Vermögensstrafe

Die Vermögensstrafe wurde 1992 als § 43a StGB in das deutsche Strafgesetzbuch eingefügt. Sofern ein Straftatbestand als Sanktion eine Vermögensstrafe vorsah, konnte das Gericht nach dieser Vorschrift neben einer lebenslangen oder zeitigen Freiheitsstrafe von mehr als zwei Jahren auf Zahlung eines Geldbetrages erkennen, dessen Höhe durch den Wert des Vermögens des Täters begrenzt war.

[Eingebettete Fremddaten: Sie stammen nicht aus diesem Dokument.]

lemma skew_symmetric_inner_self:
  assumes "skew_symmetric M"
  shows "(\<Sum>i<n. u i * mat_vec n M u i) = 0"
  using skew_symmetric_inner_swap[OF assms, of u n u] by simp

lemma mat_vec_add: "mat_vec n M (\<lambda>k. X k + Y k) i = mat_vec n M X i + mat_vec n M Y i"
  unfolding mat_vec_def by (simp add: sum.distrib algebra_simps)

lemma mat_vec_diff: "mat_vec n M (\<lambda>k. X k - Y k) i = mat_vec n M X i - mat_vec n M Y i"
  unfolding mat_vec_def by (simp add: sum_subtractf algebra_simps)

lemma mat_vec_lincomb: "mat_vec n M (\<lambda>m. a * X m + b * Y m) i = a * mat_vec n M X i + b * mat_vec n M Y i"
  unfolding mat_vec_def by (simp add: sum.distrib sum_distrib_left algebra_simps)

lemma mat_vec_Dmat:
  "mat_vec n (Dmat p xL xR yL yR N1 N2 W) X i =
     mat_vec n (Bmat xL xR yL yR N1 N2) X i + mat_vec n (Lmat xL xR yL yR N1 N2) X i
   + (W i ^ p * mat_vec n (Lmat xL xR yL yR N1 N2) X i
      + mat_vec n (Lmat xL xR yL yR N1 N2) (\<lambda>k. W k ^ p * X k) i) / (real p + 2)"
proof -
  let ?B = "Bmat xL xR yL yR N1 N2" and ?L = "Lmat xL xR yL yR N1 N2" and ?q = "real p + 2"
  have entry: "Dmat p xL xR yL yR N1 N2 W i k * X k =
     ?B i k * X k + ?L i k * X k + (W i ^ p * (?L i k * X k) + ?L i k * (W k ^ p * X k)) / ?q" for k
    unfolding Dmat_def by (simp add: distrib_right add_divide_distrib mult.assoc mult.left_commute)
  have "mat_vec n (Dmat p xL xR yL yR N1 N2 W) X i =
     (\<Sum>k<n. ?B i k * X k + ?L i k * X k + (W i ^ p * (?L i k * X k) + ?L i k * (W k ^ p * X k)) / ?q)"
    unfolding mat_vec_def by (simp only: entry)
  also have "\<dots> = (\<Sum>k<n. ?B i k * X k) + (\<Sum>k<n. ?L i k * X k)
       + (W i ^ p * (\<Sum>k<n. ?L i k * X k) + (\<Sum>k<n. ?L i k * (W k ^ p * X k))) / ?q"
    by (simp only: sum.distrib sum_divide_distrib[symmetric] sum_distrib_left)
  finally show ?thesis unfolding mat_vec_def .
qed

lemma inner_Dmat_difference_eq:
  fixes X Y WU WV :: "nat \<Rightarrow> real"
  shows "(\<Sum>i<n. (mat_vec n (Dmat p xL xR yL yR N1 N2 WU) X i - mat_vec n (Dmat p xL xR yL yR N1 N2 WV) Y i) * (X i - Y i))
    = ((\<Sum>i<n. (X i - Y i) * (WU i ^ p - WV i ^ p) * mat_vec n (Lmat xL xR yL yR N1 N2) Y i)
      - (\<Sum>i<n. ((WU i ^ p - WV i ^ p) * Y i) * mat_vec n (Lmat xL xR yL yR N1 N2) (\<lambda>k. X k - Y k) i)) / (real p + 2)"
proof -
  let ?B = "Bmat xL xR yL yR N1 N2" and ?L = "Lmat xL xR yL yR N1 N2" and ?q = "real p + 2"
  define E where "E k = X k - Y k" for k
  define a where "a k = WU k ^ p" for k
  define d where "d k = WU k ^ p - WV k ^ p" for k
  define dY where "dY k = d k * Y k" for k
  have LX: "mat_vec n ?L X i = mat_vec n ?L E i + mat_vec n ?L Y i" for i
    unfolding E_def mat_vec_diff by simp
  have BX: "mat_vec n ?B X i - mat_vec n ?B Y i = mat_vec n ?B E i" for i
    unfolding E_def mat_vec_diff by simp
  have LW: "mat_vec n ?L (\<lambda>k. WU k ^ p * X k) i - mat_vec n ?L (\<lambda>k. WV k ^ p * Y k) i
      = mat_vec n ?L (\<lambda>k. a k * E k) i + mat_vec n ?L dY i" for i
  proof -
    have "(\<lambda>k. WU k ^ p * X k) = (\<lambda>k. (a k * E k + dY k) + WV k ^ p * Y k)"
      unfolding a_def E_def dY_def d_def by (simp add: fun_eq_iff algebra_simps)
    then show ?thesis by (simp add: mat_vec_add)
  qed
  have pointwise: "(mat_vec n (Dmat p xL xR yL yR N1 N2 WU) X i - mat_vec n (Dmat p xL xR yL yR N1 N2 WV) Y i) * E i
     = E i * mat_vec n ?B E i + E i * mat_vec n ?L E i
       + (E i * a i * mat_vec n ?L E i + E i * mat_vec n ?L (\<lambda>k. a k * E k) i) / ?q
       + (E i * d i * mat_vec n ?L Y i + E i * mat_vec n ?L dY i) / ?q" for i
  proof -
    have "mat_vec n (Dmat p xL xR yL yR N1 N2 WU) X i - mat_vec n (Dmat p xL xR yL yR N1 N2 WV) Y i
      = (mat_vec n ?B X i - mat_vec n ?B Y i) + (mat_vec n ?L X i - mat_vec n ?L Y i)
        + (WU i ^ p * mat_vec n ?L X i - WV i ^ p * mat_vec n ?L Y i
          + (mat_vec n ?L (\<lambda>k. WU k ^ p * X k) i - mat_vec n ?L (\<lambda>k. WV k ^ p * Y k) i)) / ?q"
      unfolding mat_vec_Dmat by (simp add: diff_divide_distrib add_divide_distrib)
    also have "\<dots> = mat_vec n ?B E i + mat_vec n ?L E i
        + (a i * mat_vec n ?L E i + mat_vec n ?L (\<lambda>k. a k * E k) i) / ?q
        + (d i * mat_vec n ?L Y i + mat_vec n ?L dY i) / ?q"
      unfolding BX LW LX by (simp add: a_def d_def algebra_simps add_divide_distrib diff_divide_distrib)
    finally show ?thesis by (simp add: algebra_simps add_divide_distrib)
  qed
  have B_part: "(\<Sum>i<n. E i * mat_vec n ?B E i) = 0"
    by (rule skew_symmetric_inner_self[OF skew_symmetric_Bmat])
  have L_part: "(\<Sum>i<n. E i * mat_vec n ?L E i) = 0"
    by (rule skew_symmetric_inner_self[OF skew_symmetric_Lmat])
  have aE_part: "(\<Sum>i<n. E i * a i * mat_vec n ?L E i) + (\<Sum>i<n. E i * mat_vec n ?L (\<lambda>k. a k * E k) i) = 0"
    using skew_symmetric_inner_swap[OF skew_symmetric_Lmat, where u = E and n = n and w = "\<lambda>k. a k * E k"]
    by (simp add: mult_ac)
  have dY_part: "(\<Sum>i<n. E i * mat_vec n ?L dY i) = - (\<Sum>i<n. dY i * mat_vec n ?L E i)"
    by (rule skew_symmetric_inner_swap[OF skew_symmetric_Lmat])
  have "(\<Sum>i<n. (mat_vec n (Dmat p xL xR yL yR N1 N2 WU) X i - mat_vec n (Dmat p xL xR yL yR N1 N2 WV) Y i) * E i)
     = (\<Sum>i<n. E i * mat_vec n ?B E i) + (\<Sum>i<n. E i * mat_vec n ?L E i)
       + ((\<Sum>i<n. E i * a i * mat_vec n ?L E i) + (\<Sum>i<n. E i * mat_vec n ?L (\<lambda>k. a k * E k) i)) / ?q
       + ((\<Sum>i<n. E i * d i * mat_vec n ?L Y i) + (\<Sum>i<n. E i * mat_vec n ?L dY i)) / ?q"
    unfolding pointwise by (simp only: sum.distrib sum_divide_distrib[symmetric])
  also have "\<dots> = ((\<Sum>i<n. E i * d i * mat_vec n ?L Y i) - (\<Sum>i<n. dY i * mat_vec n ?L E i)) / ?q"
    unfolding B_part L_part aE_part dY_part by simp
  finally show ?thesis unfolding E_def d_def dY_def .
qed
theorem lemma3p4:
  fixes n r :: nat
  assumes "0 < r" and "even r" and "r dvd n"
  shows "(\<Sum>w \<in> involutions n \<inter> centralizer n (cycprod n r).
            (-1::real) ^ inv_w n w (cycprod n r)) =
         (if odd (n div r) then 0
          else fact (n div r) / (fact (n div (2*r)) * 2 ^ (n div (2*r)))
               * real r ^ (n div (2*r)))"
proof -
  define m where "m = n div r"
  have n: "n = m * r" using assms(3) by (simp add: m_def)
  interpret even_cycle_blocks m r using assms(1,2) by unfold_locales
  have "n div (2 * r) = m div 2" by (simp add: m_def div_mult2_eq mult.commute)
  moreover have "(\<Sum>w \<in> involutions n \<inter> centralizer n (cycprod n r).
            (-1::real) ^ inv_w n w (cycprod n r)) = block_sum {..<m}"
    unfolding n block_sum_def invols_all_blocks weight_def ..
  ultimately show ?thesis
    using block_sum_closed[of "{..<m}"] matching_weight_closed[of r m] by (simp add: m_def)
qed

end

Ziel der Vermögensstrafe war vor allem die Sanktionierung derjenigen Täter, die in Verbindung mit der Organisierten Kriminalität standen. Während bei einem Verfall (siehe Verfall) für die Entziehung der Vermögenswerte der Nachweis erbracht werden muss, dass das betroffene Vermögen aus einer Straftat stammt, sollte die Vermögensstrafe unabhängig davon verhängt werden können, ob das Vermögen rechtswidrig oder rechtmäßig erworben wurde.

Das Bundesverfassungsgericht hat jedoch die Regelung des § 43a StGB wegen Verstoßes gegen den Bestimmtheitsgrundsatz aus Art. 103 Abs. 2 GG für verfassungswidrig und damit als nichtig erklärt, sodass diese Vorschrift keine Anwendung mehr findet.